#### Problem requirements:
With both ends included, repeat exactly the lines of the entries below from the one containing "define P where" down to the one containing "(* Let $\alpha=1$, $j\ne0$, and", and no others.

#### Information given:

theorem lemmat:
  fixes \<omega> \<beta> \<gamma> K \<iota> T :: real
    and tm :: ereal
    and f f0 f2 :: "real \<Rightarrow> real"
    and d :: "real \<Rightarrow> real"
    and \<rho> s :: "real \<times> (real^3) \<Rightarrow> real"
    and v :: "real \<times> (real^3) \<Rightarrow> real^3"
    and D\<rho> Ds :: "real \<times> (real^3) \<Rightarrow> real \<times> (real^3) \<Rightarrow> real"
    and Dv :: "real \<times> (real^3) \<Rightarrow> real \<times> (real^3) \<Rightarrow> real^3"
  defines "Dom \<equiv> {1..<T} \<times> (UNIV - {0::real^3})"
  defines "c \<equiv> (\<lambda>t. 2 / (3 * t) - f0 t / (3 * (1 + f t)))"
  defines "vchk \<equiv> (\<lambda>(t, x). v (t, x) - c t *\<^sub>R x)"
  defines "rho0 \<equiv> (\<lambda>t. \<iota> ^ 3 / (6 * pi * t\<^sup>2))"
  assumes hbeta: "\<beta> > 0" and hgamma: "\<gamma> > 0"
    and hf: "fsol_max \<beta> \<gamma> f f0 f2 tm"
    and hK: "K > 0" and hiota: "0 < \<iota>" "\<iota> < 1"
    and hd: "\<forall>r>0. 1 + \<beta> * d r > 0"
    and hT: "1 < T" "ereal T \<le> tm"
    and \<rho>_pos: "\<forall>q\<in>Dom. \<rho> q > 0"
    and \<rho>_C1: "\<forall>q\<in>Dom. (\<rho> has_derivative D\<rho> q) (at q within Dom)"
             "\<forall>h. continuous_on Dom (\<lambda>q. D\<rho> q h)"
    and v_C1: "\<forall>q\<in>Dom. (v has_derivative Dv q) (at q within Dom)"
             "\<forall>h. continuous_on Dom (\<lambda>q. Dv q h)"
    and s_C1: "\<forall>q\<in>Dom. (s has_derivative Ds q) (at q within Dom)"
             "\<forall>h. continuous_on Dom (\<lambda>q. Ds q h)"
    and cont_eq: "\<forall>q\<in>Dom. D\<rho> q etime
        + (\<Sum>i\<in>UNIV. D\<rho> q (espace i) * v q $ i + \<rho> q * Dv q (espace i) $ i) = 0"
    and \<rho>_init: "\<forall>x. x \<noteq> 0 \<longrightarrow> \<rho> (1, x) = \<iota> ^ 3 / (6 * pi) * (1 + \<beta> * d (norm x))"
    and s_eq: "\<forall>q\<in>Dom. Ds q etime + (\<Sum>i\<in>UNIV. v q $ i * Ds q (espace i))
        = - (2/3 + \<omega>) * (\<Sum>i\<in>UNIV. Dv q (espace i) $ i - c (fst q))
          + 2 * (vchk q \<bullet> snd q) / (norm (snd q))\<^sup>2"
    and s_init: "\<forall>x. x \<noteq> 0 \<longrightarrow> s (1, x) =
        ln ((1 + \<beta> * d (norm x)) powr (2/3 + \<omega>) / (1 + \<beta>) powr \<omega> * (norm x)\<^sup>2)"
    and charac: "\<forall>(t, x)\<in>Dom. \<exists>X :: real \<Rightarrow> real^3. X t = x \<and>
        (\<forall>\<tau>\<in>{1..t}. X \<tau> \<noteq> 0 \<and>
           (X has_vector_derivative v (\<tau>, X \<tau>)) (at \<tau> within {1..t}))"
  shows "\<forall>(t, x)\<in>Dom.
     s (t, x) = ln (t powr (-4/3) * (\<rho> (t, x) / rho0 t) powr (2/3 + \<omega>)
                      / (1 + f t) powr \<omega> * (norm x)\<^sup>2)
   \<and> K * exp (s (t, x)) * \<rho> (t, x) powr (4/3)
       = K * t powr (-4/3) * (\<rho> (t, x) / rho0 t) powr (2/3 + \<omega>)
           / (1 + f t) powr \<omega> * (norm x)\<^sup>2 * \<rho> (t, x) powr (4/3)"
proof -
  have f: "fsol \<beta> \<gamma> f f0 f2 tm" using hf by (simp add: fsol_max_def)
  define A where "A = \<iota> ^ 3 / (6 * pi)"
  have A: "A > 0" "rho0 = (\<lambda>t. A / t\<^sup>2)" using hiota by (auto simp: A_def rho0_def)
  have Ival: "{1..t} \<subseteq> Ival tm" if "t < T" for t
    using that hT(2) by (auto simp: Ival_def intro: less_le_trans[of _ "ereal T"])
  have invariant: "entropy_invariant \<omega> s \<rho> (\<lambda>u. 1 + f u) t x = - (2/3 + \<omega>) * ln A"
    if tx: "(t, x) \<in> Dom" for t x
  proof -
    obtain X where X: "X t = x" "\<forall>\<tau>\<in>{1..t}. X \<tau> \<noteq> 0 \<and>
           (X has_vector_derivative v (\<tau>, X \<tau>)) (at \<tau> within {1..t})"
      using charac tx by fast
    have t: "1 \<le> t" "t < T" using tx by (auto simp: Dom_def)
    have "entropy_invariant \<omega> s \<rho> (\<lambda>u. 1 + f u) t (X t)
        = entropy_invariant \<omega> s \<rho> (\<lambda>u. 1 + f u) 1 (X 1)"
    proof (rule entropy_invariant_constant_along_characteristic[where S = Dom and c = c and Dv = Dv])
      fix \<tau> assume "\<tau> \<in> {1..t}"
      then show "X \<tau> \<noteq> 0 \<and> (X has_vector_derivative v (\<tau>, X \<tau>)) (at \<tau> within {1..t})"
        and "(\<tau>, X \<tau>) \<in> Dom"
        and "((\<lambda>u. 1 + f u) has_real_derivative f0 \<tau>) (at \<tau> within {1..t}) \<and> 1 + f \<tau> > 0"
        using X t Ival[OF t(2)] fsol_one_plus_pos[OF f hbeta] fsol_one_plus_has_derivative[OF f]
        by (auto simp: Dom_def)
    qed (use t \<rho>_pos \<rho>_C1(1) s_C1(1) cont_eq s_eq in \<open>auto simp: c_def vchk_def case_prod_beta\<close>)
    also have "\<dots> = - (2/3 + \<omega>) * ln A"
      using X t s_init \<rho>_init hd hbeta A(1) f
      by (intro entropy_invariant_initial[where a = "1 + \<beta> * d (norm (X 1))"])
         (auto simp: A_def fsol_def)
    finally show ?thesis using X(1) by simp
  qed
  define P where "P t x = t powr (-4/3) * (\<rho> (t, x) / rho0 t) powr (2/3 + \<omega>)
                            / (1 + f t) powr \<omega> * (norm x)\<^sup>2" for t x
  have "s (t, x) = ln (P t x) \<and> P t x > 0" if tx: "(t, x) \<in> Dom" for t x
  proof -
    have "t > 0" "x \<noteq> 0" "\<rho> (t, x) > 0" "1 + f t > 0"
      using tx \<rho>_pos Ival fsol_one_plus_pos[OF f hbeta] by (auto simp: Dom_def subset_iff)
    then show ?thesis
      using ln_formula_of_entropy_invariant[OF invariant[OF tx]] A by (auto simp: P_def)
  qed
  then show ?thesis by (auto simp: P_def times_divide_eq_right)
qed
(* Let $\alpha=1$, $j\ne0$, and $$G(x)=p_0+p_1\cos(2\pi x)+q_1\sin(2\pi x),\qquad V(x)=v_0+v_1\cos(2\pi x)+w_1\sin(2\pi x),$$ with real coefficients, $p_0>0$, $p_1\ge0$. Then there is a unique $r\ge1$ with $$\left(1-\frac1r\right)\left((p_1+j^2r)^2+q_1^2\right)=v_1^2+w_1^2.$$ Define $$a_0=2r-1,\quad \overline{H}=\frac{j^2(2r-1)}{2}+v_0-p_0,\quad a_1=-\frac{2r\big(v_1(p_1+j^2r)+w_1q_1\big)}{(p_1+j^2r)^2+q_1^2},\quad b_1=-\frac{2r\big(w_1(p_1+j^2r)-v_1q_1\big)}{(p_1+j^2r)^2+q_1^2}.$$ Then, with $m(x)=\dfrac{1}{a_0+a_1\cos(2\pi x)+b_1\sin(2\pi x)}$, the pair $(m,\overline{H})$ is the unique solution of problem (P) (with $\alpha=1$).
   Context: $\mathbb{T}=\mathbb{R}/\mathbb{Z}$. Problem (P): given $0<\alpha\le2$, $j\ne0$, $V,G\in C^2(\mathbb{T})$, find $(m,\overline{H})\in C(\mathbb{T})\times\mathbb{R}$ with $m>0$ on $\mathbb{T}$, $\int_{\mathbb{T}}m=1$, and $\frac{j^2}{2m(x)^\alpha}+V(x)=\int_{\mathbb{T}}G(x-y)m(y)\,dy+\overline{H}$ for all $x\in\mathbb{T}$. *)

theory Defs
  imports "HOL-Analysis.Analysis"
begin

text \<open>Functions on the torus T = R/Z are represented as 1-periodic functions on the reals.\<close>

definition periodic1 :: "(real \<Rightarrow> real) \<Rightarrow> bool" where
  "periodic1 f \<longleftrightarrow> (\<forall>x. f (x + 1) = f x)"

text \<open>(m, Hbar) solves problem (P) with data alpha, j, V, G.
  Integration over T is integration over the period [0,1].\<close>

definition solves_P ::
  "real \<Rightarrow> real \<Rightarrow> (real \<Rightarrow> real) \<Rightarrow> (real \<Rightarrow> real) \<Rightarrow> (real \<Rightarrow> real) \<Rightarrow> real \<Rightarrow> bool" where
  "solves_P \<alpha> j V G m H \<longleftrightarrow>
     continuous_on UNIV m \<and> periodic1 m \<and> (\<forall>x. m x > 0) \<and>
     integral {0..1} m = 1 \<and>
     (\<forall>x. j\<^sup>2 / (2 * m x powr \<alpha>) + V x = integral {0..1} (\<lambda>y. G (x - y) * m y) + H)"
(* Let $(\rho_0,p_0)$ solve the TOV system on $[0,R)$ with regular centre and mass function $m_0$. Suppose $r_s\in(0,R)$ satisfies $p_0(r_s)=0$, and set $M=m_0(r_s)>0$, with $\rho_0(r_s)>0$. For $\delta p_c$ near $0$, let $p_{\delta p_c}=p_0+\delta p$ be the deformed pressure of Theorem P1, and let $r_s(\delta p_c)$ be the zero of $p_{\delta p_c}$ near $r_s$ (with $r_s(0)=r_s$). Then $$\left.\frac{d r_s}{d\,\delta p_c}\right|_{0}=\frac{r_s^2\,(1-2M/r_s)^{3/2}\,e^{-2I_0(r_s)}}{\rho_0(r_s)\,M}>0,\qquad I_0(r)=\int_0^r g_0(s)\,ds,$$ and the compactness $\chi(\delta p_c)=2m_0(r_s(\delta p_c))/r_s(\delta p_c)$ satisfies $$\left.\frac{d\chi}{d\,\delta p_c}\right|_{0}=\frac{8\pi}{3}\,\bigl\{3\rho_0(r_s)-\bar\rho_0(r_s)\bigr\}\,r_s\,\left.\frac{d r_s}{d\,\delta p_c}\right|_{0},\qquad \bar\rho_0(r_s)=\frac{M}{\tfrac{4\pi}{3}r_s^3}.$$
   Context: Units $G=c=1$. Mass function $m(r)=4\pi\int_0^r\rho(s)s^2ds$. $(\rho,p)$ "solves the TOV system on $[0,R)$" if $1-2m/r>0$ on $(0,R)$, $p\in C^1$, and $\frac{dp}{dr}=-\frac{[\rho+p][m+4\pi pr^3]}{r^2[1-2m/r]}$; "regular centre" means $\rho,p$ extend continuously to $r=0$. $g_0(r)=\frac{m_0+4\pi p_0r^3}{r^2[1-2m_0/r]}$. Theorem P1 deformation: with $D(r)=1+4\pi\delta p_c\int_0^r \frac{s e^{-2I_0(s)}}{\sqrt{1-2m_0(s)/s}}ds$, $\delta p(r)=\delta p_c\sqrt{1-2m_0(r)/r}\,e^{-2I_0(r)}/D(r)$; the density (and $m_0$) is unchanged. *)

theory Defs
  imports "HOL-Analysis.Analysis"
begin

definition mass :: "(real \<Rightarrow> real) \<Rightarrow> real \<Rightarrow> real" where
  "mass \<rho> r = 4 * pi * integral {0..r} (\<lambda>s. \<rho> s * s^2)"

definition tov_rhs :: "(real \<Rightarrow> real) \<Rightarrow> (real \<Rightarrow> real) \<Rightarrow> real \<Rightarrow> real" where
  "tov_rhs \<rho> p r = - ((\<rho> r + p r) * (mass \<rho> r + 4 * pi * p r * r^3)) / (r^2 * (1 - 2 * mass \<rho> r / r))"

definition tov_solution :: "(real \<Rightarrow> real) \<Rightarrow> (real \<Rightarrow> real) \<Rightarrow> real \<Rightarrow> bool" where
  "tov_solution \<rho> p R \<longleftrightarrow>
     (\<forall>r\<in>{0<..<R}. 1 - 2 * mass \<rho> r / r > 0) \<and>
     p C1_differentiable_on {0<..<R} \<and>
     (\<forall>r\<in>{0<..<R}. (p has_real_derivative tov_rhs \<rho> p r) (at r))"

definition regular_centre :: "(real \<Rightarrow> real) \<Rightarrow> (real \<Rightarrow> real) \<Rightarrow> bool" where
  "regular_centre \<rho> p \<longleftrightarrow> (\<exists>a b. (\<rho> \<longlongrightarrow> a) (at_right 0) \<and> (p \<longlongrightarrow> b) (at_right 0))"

#### Result of the task:
  define P where "P t x = t powr (-4/3) * (\<rho> (t, x) / rho0 t) powr (2/3 + \<omega>)
                            / (1 + f t) powr \<omega> * (norm x)\<^sup>2" for t x
  have "s (t, x) = ln (P t x) \<and> P t x > 0" if tx: "(t, x) \<in> Dom" for t x
  proof -
    have "t > 0" "x \<noteq> 0" "\<rho> (t, x) > 0" "1 + f t > 0"
      using tx \<rho>_pos Ival fsol_one_plus_pos[OF f hbeta] by (auto simp: Dom_def subset_iff)
    then show ?thesis
      using ln_formula_of_entropy_invariant[OF invariant[OF tx]] A by (auto simp: P_def)
  qed
  then show ?thesis by (auto simp: P_def times_divide_eq_right)
qed
(* Let $\alpha=1$, $j\ne0$, and $$G(x)=p_0+p_1\cos(2\pi x)+q_1\sin(2\pi x),\qquad V(x)=v_0+v_1\cos(2\pi x)+w_1\sin(2\pi x),$$ with real coefficients, $p_0>0$, $p_1\ge0$. Then there is a unique $r\ge1$ with $$\left(1-\frac1r\right)\left((p_1+j^2r)^2+q_1^2\right)=v_1^2+w_1^2.$$ Define $$a_0=2r-1,\quad \overline{H}=\frac{j^2(2r-1)}{2}+v_0-p_0,\quad a_1=-\frac{2r\big(v_1(p_1+j^2r)+w_1q_1\big)}{(p_1+j^2r)^2+q_1^2},\quad b_1=-\frac{2r\big(w_1(p_1+j^2r)-v_1q_1\big)}{(p_1+j^2r)^2+q_1^2}.$$ Then, with $m(x)=\dfrac{1}{a_0+a_1\cos(2\pi x)+b_1\sin(2\pi x)}$, the pair $(m,\overline{H})$ is the unique solution of problem (P) (with $\alpha=1$).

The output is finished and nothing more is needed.